A multithreaded demo on quadcore / corei7 (scaling manycore processor)

70 posts / 0 new
Last post
For more complete information about compiler optimizations, see our Optimization Notice.

Quoting - fraggy

Why it's so difficult to force threads affectation... But not impossible :p
Usualy the first available thread is use to compute the next most urgent zone in line (threads are slaves, they never rest :p). I think that waiting for the right thread to compute the right zone may be a little risky (for performance).
And, if I affect the first available threads to another zone (not the most urgent), this may work (not waiting time) but since my most urgent zone stay the most urgent zone to be done, one of the main algorithms is stuck and synchronization may be delayed until the right thread become available and is affected to the (still) most urgent zone :)
Synchronisation is a key feature, this is why this library may scale on manycore. Forcing thread to specifics zones and may be dangerous.

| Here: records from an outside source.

text \<open>Two distinct coordinates of a uniform point of the slice are negatively correlated:
  given \<open>x l = e m\<close>, the other \<open>N - 1\<close> coordinates carry the counts \<open>k\<^bsup>(m)\<^esup>\<close>.\<close>

lemma card_two_levels:
  assumes l: "l \<in> {1..N}" "l' \<in> {1..N}" "l' \<noteq> l" and m: "m < r" "m' < r"
  shows "real (N - 1) * card {x\<in>V. x l = e m \<and> x l' = e m'}
       = real (level_card m) * (real (k m') - (if m = m' then 1 else 0))"
proof -
  define B where "B = {x\<in>V. x l = e m}"
  define L where "L = {1..N} - {l}"
  define d where "d = (if m = m' then 1 else 0 :: nat)"
  have finB: "finite B" unfolding B_def using finite_V by simp
  have "card L = N - 1" unfolding L_def using l by simp
  have closed: "swap_coords p q x \<in> B" if "x \<in> B" "p \<in> L" "q \<in> L" for x p q
    using that unfolding B_def L_def by (auto intro: swap_coords_in_V)
  have const: "card {x\<in>B. x q = e m'} = card {x\<in>B. x l' = e m'}" if "q \<in> L" for q
    by (rule card_coord_eq_if_swap_closed[where L=L, OF _ _ closed]) (use that l in \<open>auto simp: L_def\<close>)
  have "(\<Sum>q\<in>L. card {x\<in>B. x q = e m'}) = (\<Sum>x\<in>B. card {q\<in>L. x q = e m'})"
    by (rule sum_card_filter_swap) (auto simp: finB L_def)
  also have "\<dots> = (\<Sum>x\<in>B. k m' - d)"
  proof (intro sum.cong refl)
    fix x assume x: "x \<in> B"
    have "{q\<in>L. x q = e m'} = {q\<in>{1..N}. x q = e m'} - {l}" unfolding L_def by auto
    moreover have "l \<in> {q\<in>{1..N}. x q = e m'} \<longleftrightarrow> m = m'"
      using x l m e_eq_iff unfolding B_def by auto
    ultimately show "card {q\<in>L. x q = e m'} = k m' - d"
      using x card_level_V[of x m'] m unfolding B_def d_def by (simp add: card_Diff_singleton_if)
  qed
  finally have "(N - 1) * card {x\<in>B. x l' = e m'} = card B * (k m' - d)"
    using const \<open>card L = N - 1\<close> by simp
  moreover have "card B = level_card m" unfolding B_def using level_card_any_coord l by simp
  moreover have "{x\<in>B. x l' = e m'} = {x\<in>V. x l = e m \<and> x l' = e m'}" unfolding B_def by auto
  moreover have "d \<le> k m'" using k_pos m unfolding d_def by auto
  ultimately have "real ((N - 1) * card {x\<in>V. x l = e m \<and> x l' = e m'}) =
      real (level_card m * (k m' - d))"
    by simp
  then show ?thesis
    using \<open>d \<le> k m'\<close> unfolding d_def by (simp only: of_nat_mult of_nat_diff) simp
qed

lemma sum_V_split_coord:
  assumes "l \<in> {1..N}"
  shows "(\<Sum>x\<in>V. F x) = (\<Sum>m<r. \<Sum>x\<in>{x\<in>V. x l = e m}. F x)"
proof -
  have "V = (\<Union>m\<in>{..<r}. {x\<in>V. x l = e m})" using V_coord_in_range[OF _ assms] by auto
  then have "(\<Sum>x\<in>V. F x) = (\<Sum>x\<in>(\<Union>m\<in>{..<r}. {x\<in>V. x l = e m}). F x)" by simp
  also have "\<dots> = (\<Sum>m<r. \<Sum>x\<in>{x\<in>V. x l = e m}. F x)"
    by (rule sum.UNION_disjoint) (auto simp: finite_V e_eq_iff)
  finally show ?thesis .
qed

end

section \<open>Fibres of the last coordinate\<close>

context multislice_step
begin

abbreviation fibre_slice :: "nat \<Rightarrow> (nat \<Rightarrow> real) set" where
  "fibre_slice m \<equiv> multislice e r (N - 1) (k(m := k m - 1))"

lemma fun_upd_last_in_V:
  assumes m: "m < r" and y: "y \<in> fibre_slice m"
  shows "y(N := e m) \<in> V"
proof -
  have y1: "y \<in> PiE {1..N-1} (\<lambda>_. e ` {..<r})"
    and y2: "\<forall>m'<r. card {i\<in>{1..N-1}. y i = e m'} = (k(m := k m - 1)) m'"
    using y unfolding multislice_def by auto
  have "y(N := e m) \<in> PiE {1..N} (\<lambda>_. e ` {..<r})"
    using y1 m N_ge_3 unfolding PiE_iff extensional_def by auto
  moreover have "card {i\<in>{1..N}. (y(N := e m)) i = e m'} = k m'" if m': "m' < r" for m'
  proof -
    have "{i\<in>{1..N}. (y(N := e m)) i = e m'} =
        {i\<in>{1..N-1}. y i = e m'} \<union> (if m' = m then {N} else {})"
      using N_ge_3 e_eq_iff[OF m m'] by auto
    moreover have "N \<notin> {i\<in>{1..N-1}. y i = e m'}" by auto
    ultimately show ?thesis using y2 m' k_pos m by auto
  qed
  ultimately show ?thesis unfolding multislice_def by auto
qed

Vincent, and as you say it's os dependent, so it's evil :p

Vincent,

The threads do not wait

|00|01|02|03|04|05|06|07|08|09|10|11|
T0 T1 T2 T3 T3 T2 T1 T0T0 T1 T2 T3

You set up a pecking order

T0's preference is 00, 07, 08, 09, 06, 01, 10, 05, 02, 11, 04, 03
T1's preference is 01, 06, 09, 10, 08, 07, 05, 02, 00, 11, 04, 03
...
IOW
First pick in sequence you would pick should all sequence together
Second pick in sequence of reverse order of adjacent cell(s) at interaton level.
Skip any sub-box where computation began.

The sequencing is designed to have higher probability of "hot in cache" which will (may) give you super-linearity.

Jim Dempsey

www.quickthreadprogramming.com

Quoting - jimdempseyatthecove
The sequencing is designed to have higher probability of "hot in cache" which will (may) give you super-linearity.

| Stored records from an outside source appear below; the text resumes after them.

lemma buildable_iter:
  assumes "finite X" "circuit_ok skew gs" "P gs"
    and P_prefix: "\<And>gs gs'. P gs \<Longrightarrow> prefix gs gs' \<Longrightarrow> P gs'"
    and Q_prefix: "\<And>x gs gs'. Q x gs \<Longrightarrow> prefix gs gs' \<Longrightarrow> Q x gs'"
    and step: "\<And>x gs. x \<in> X \<Longrightarrow> circuit_ok skew gs \<Longrightarrow> P gs \<Longrightarrow> buildable skew gs C (Q x)"
  shows "buildable skew gs (C * card X) (\<lambda>gs'. P gs' \<and> (\<forall>x\<in>X. Q x gs'))"
  using assms(1-3) step
proof (induction X arbitrary: gs rule: finite_induct)
  case empty
  then show ?case by (auto intro: buildable_refl)
next
  case (insert x X)
  have "buildable skew gs (C * card X + C) (\<lambda>gs'. P gs' \<and> (\<forall>y\<in>insert x X. Q y gs'))"
  proof (rule buildable_seq)
    show "buildable skew gs (C * card X) (\<lambda>gs'. P gs' \<and> (\<forall>y\<in>X. Q y gs'))"
      using insert by auto
  next
    fix gs1 assume "prefix gs gs1" "circuit_ok skew gs1" "P gs1 \<and> (\<forall>y\<in>X. Q y gs1)"
    then show "buildable skew gs1 C (\<lambda>gs'. P gs' \<and> (\<forall>y\<in>insert x X. Q y gs'))"
      using insert.prems(3)[of x gs1] by (auto elim!: buildable_weaken intro: P_prefix Q_prefix)
  qed
  then show ?case using insert by (simp add: algebra_simps)
qed

lemma buildable_sum_list:
  assumes "circuit_ok skew gs" "\<forall>x\<in>set xs. provides gs (f x)"
  shows "buildable skew gs (length xs + 1) (\<lambda>gs'. provides gs' (\<Sum>x\<leftarrow>xs. f x))"
  using assms
proof (induction xs arbitrary: gs)
  case Nil
  then show ?case using buildable_leaf[of skew gs 0] by simp
next
  case (Cons x xs)
  have "buildable skew gs ((length xs + 1) + 1) (\<lambda>gs'. provides gs' (f x + (\<Sum>x\<leftarrow>xs. f x)))"
  proof (rule buildable_seq)
    show "buildable skew gs (length xs + 1)
            (\<lambda>gs'. provides gs' (\<Sum>x\<leftarrow>xs. f x) \<and> provides gs' (f x))"
      by (rule buildable_weaken[OF Cons.IH]) (use Cons.prems in \<open>auto intro: provides_prefix\<close>)
  qed (use buildable_plus in blast)
  then show ?case by simp
qed

lemma buildable_prod_list:
  assumes "circuit_ok False gs" "\<forall>x\<in>set xs. provides gs (f x)"
  shows "buildable False gs (length xs + 1) (\<lambda>gs'. provides gs' (\<Prod>x\<leftarrow>xs. f x))"
  using assms
proof (induction xs arbitrary: gs)
  case Nil
  then show ?case using buildable_leaf[of False gs 1] by simp
next
  case (Cons x xs)
  have "buildable False gs ((length xs + 1) + 1) (\<lambda>gs'. provides gs' (f x * (\<Prod>x\<leftarrow>xs. f x)))"
  proof (rule buildable_seq)
    show "buildable False gs (length xs + 1)
            (\<lambda>gs'. provides gs' (\<Prod>x\<leftarrow>xs. f x) \<and> provides gs' (f x))"
      by (rule buildable_weaken[OF Cons.IH]) (use Cons.prems in \<open>auto intro: provides_prefix\<close>)
  qed (use buildable_times in blast)
  then show ?case by simp
qed

lemma buildable_times_leaves:
  assumes "circuit_ok skew gs" "provides gs p" "\<forall>x\<in>set xs. leaf_poly (f x)"
  shows "buildable skew gs (2 * length xs) (\<lambda>gs'. provides gs' (p * (\<Prod>x\<leftarrow>xs. f x)))"
  using assms
proof (induction xs arbitrary: gs p)
  case Nil
  then show ?case by (auto intro: buildable_refl)
next
  case (Cons x xs)
  have "buildable skew gs (2 + 2 * length xs) (\<lambda>gs'. provides gs' (p * f x * (\<Prod>x\<leftarrow>xs. f x)))"
    by (rule buildable_seq[OF buildable_times_leaf]) (use Cons in auto)
  then show ?case by (simp add: mult.assoc)
qed

text \<open>The output of a circuit is its last gate, so a provided polynomial p is copied there as p + 0.\<close>

lemma computes_if_buildable:
  assumes "buildable skew gs C (\<lambda>gs'. provides gs' p)"
  shows "\<exists>gs'. computes gs' p \<and> (skew \<longrightarrow> skew_circuit gs') \<and> length gs' \<le> length gs + C + 2"
proof -
  obtain gs1 where gs1: "circuit_ok skew gs1" "length gs1 \<le> length gs + C" "provides gs1 p"
    using assms unfolding buildable_def by blast
  obtain i where i: "i < length gs1" "circuit_vals gs1 ! i = p" using gs1(3) by (rule provides_nth)
  define gs2 where "gs2 = gs1 @ [Cst 0, Plus i (length gs1)]"
  have "circuit_ok skew ((gs1 @ [Cst 0]) @ [Plus i (length gs1)])"
    by (rule circuit_ok_snoc[OF circuit_ok_snoc_leaf[OF gs1(1)]]) (use i in auto)
  then have "circuit_ok skew gs2" by (simp add: gs2_def)
  moreover have "last (circuit_vals gs2) = p"
    using i by (simp add: gs2_def circuit_vals_snoc[of "gs1 @ [Cst 0]", simplified] circuit_vals_snoc nth_append)
  ultimately show ?thesis using gs1(2)
    by (intro exI[of _ gs2]) (auto simp: gs2_def computes_def wf_circuit_def circuit_ok_def)
qed

section \<open>Sums of products over assignments\<close>

definition assignments :: "nat \<Rightarrow> nat set \<Rightarrow> (nat \<Rightarrow> nat) set" where
  "assignments N V = {\<phi>. (\<forall>u\<in>V. \<phi> u < N) \<and> (\<forall>u. u \<notin> V \<longrightarrow> \<phi> u = 0)}"

lemma assignments_empty [simp]: "assignments N {} = {\<lambda>_. 0}"
  by (auto simp: assignments_def)

lemma assignments_insert:
  assumes "v \<notin> V"
  shows "assignments N (insert v V) = (\<lambda>(\<psi>, a). \<psi>(v := a)) ` (assignments N V \<times> {..<N})"
proof (intro equalityI subsetI)
  fix \<phi> assume "\<phi> \<in> assignments N (insert v V)"
  then have "(\<phi>(v := 0), \<phi> v) \<in> assignments N V \<times> {..<N}" using assms by (auto simp: assignments_def)
  then show "\<phi> \<in> (\<lambda>(\<psi>, a). \<psi>(v := a)) ` (assignments N V \<times> {..<N})"
    by (auto intro!: image_eqI[of _ _ "(\<phi>(v := 0), \<phi> v)"])
qed (use assms in \<open>auto simp: assignments_def\<close>)

lemma inj_on_assignments_upd:
  assumes "v \<notin> V"
  shows "inj_on (\<lambda>(\<psi>, a). \<psi>(v := a)) (assignments N V \<times> A)"
proof (rule inj_onI, clarify)
  fix \<psi> a \<psi>' a' assume "\<psi> \<in> assignments N V" "\<psi>' \<in> assignments N V" and eq: "\<psi>(v := a) = \<psi>'(v := a')"
  then have "\<psi> v = \<psi>' v" using assms by (simp add: assignments_def)
  then have "\<psi> u = \<psi>' u" for u using fun_cong[OF eq, of u] by (cases "u = v") auto
  then show "\<psi> = \<psi>' \<and> a = a'" using fun_cong[OF eq, of v] by auto
qed

lemma finite_assignments: "finite V \<Longrightarrow> finite (assignments N V)"
  by (induction V rule: finite_induct) (simp_all add: assignments_insert)

lemma card_assignments: "finite V \<Longrightarrow> card (assignments N V) = N ^ card V"
proof (induction V rule: finite_induct)
  case (insert v V)
  then show ?case
    by (simp add: assignments_insert card_image[OF inj_on_assignments_upd] card_cartesian_product)
qed simp

lemma card_assignments_le:
  assumes "finite S" "card S \<le> w" shows "card (assignments N S) \<le> (N + 1) ^ w"
proof -
  have "N ^ card S \<le> (N + 1) ^ card S" by (simp add: power_mono)
  also have "\<dots> \<le> (N + 1) ^ w" using assms(2) by (simp add: power_increasing)
  finally show ?thesis using card_assignments[OF assms(1)] by simp
qed

lemma sum_assignments_insert:
  assumes "v \<notin> V" "finite V"
  shows "(\<Sum>\<phi>\<in>assignments N (insert v V). F \<phi>) = (\<Sum>\<psi>\<in>assignments N V. \<Sum>a<N. F (\<psi>(v := a)))"
proof -
  have "(\<Sum>\<phi>\<in>assignments N (insert v V). F \<phi>) = (\<Sum>(\<psi>, a)\<in>assignments N V \<times> {..<N}. F (\<psi>(v := a)))"
    unfolding assignments_insert[OF assms(1)]
    by (subst sum.reindex[OF inj_on_assignments_upd[OF assms(1)]]) (simp add: comp_def case_prod_unfold)
  then show ?thesis by (simp add: sum.cartesian_product)
qed

text \<open>A factor is a scope together with a function of the assignment that only reads the scope.\<close>

type_synonym 'r factor = "nat set \<times> ((nat \<Rightarrow> nat) \<Rightarrow> 'r)"

definition depends_only :: "nat set \<Rightarrow> ((nat \<Rightarrow> nat) \<Rightarrow> 'b) \<Rightarrow> bool" where
  "depends_only S g \<longleftrightarrow> (\<forall>\<phi> \<psi>. (\<forall>u\<in>S. \<phi> u = \<psi> u) \<longrightarrow> g \<phi> = g \<psi>)"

About the "hot in cache" part, 2 zones never share data, even if they are next to each other. So I will probably never experience performance gain with that kind of optimization :)

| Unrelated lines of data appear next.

lemma sum_exp_permuted_coin_subsets_le:
  fixes f :: "nat \<Rightarrow> real"
  assumes width: "\<And>x x'. x < 2 * m \<Longrightarrow> x' < 2 * m \<Longrightarrow> \<bar>f x - f x'\<bar> \<le> w"
    and \<sigma>: "\<sigma> permutes {..<2 * m}"
  shows "(\<Sum>b\<in>PiE {..<m} (\<lambda>_. UNIV). exp (l * (\<Sum>x\<in>\<sigma> ` coin_subset m b. f x)))
           \<le> 2 ^ m * exp (l * (\<Sum>x<2 * m. f x) / 2 + m * l^2 * w^2 / 8)"
proof -
  have "exp (l * (\<Sum>x\<in>\<sigma> ` H. f x)) = (\<Prod>x\<in>H. exp (l * f (\<sigma> x)))" if "finite H" for H
    using that permutes_inj[OF \<sigma>] by (simp add: sum.reindex inj_on_subset exp_sum sum_distrib_left)
  then have "(\<Sum>b\<in>PiE {..<m} (\<lambda>_. UNIV). exp (l * (\<Sum>x\<in>\<sigma> ` coin_subset m b. f x)))
               = (\<Sum>b\<in>PiE {..<m} (\<lambda>_. UNIV). \<Prod>x\<in>coin_subset m b. exp (l * f (\<sigma> x)))"
    by (intro sum.cong) (simp_all add: coin_subset_def)
  also have "\<dots> = (\<Prod>k<m. exp (l * f (\<sigma> (2 * k))) + exp (l * f (\<sigma> (2 * k + 1))))"
    by (rule sum_prod_coin_subset)
  also have "\<dots> \<le> 2 ^ m * exp (l * (\<Sum>x<2 * m. f (\<sigma> x)) / 2 + m * l^2 * w^2 / 8)"
    using permutes_in_image[OF \<sigma>] by (intro prod_pairs_exp_le width) auto
  also have "(\<Sum>x<2 * m. f (\<sigma> x)) = (\<Sum>x<2 * m. f x)"
    using sum.permute[OF \<sigma>, of f] by (simp add: comp_def)
  finally show ?thesis .
qed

But, when I test with nbThreads == nbzones, each Thread always work on the same Zone. I never experience cache problem like that :)

Vincent, Still have to test 12 zones (for cache and linearity problems)

Free lunch is not over for Video Game : http://www.acclib.com

Quoting - fraggy

About the "hot in cache" part, 2 zones never share data, even if they are next to each other. So I will probably never experience performance gain with that kind of optimization :)

But, when I test with nbThreads == nbzones, each Thread always work on the same Zone. I never experience cache problem like that :)

Vincent, Still have to test 12 zones (for cache and linearity problems)

From my understanding of watching your video

The particles in the large container have a radius (I think they are all the same, but a real model would accommodate arbitrary radii)

The particles interact with walls and each other

The particles in a partitioned large container should behave the same (or within rounding error) as the un-partitioned container.

Therefore particles at or further than 1r from wall are within the domain of inside the box.

Particles less than 1r from wall(s) exist in one to six perimeter domains

particles inside the "inside the box" can interact with other particles inside the "inside the box" as well as with particles within the nearest perimeters visible inside the box.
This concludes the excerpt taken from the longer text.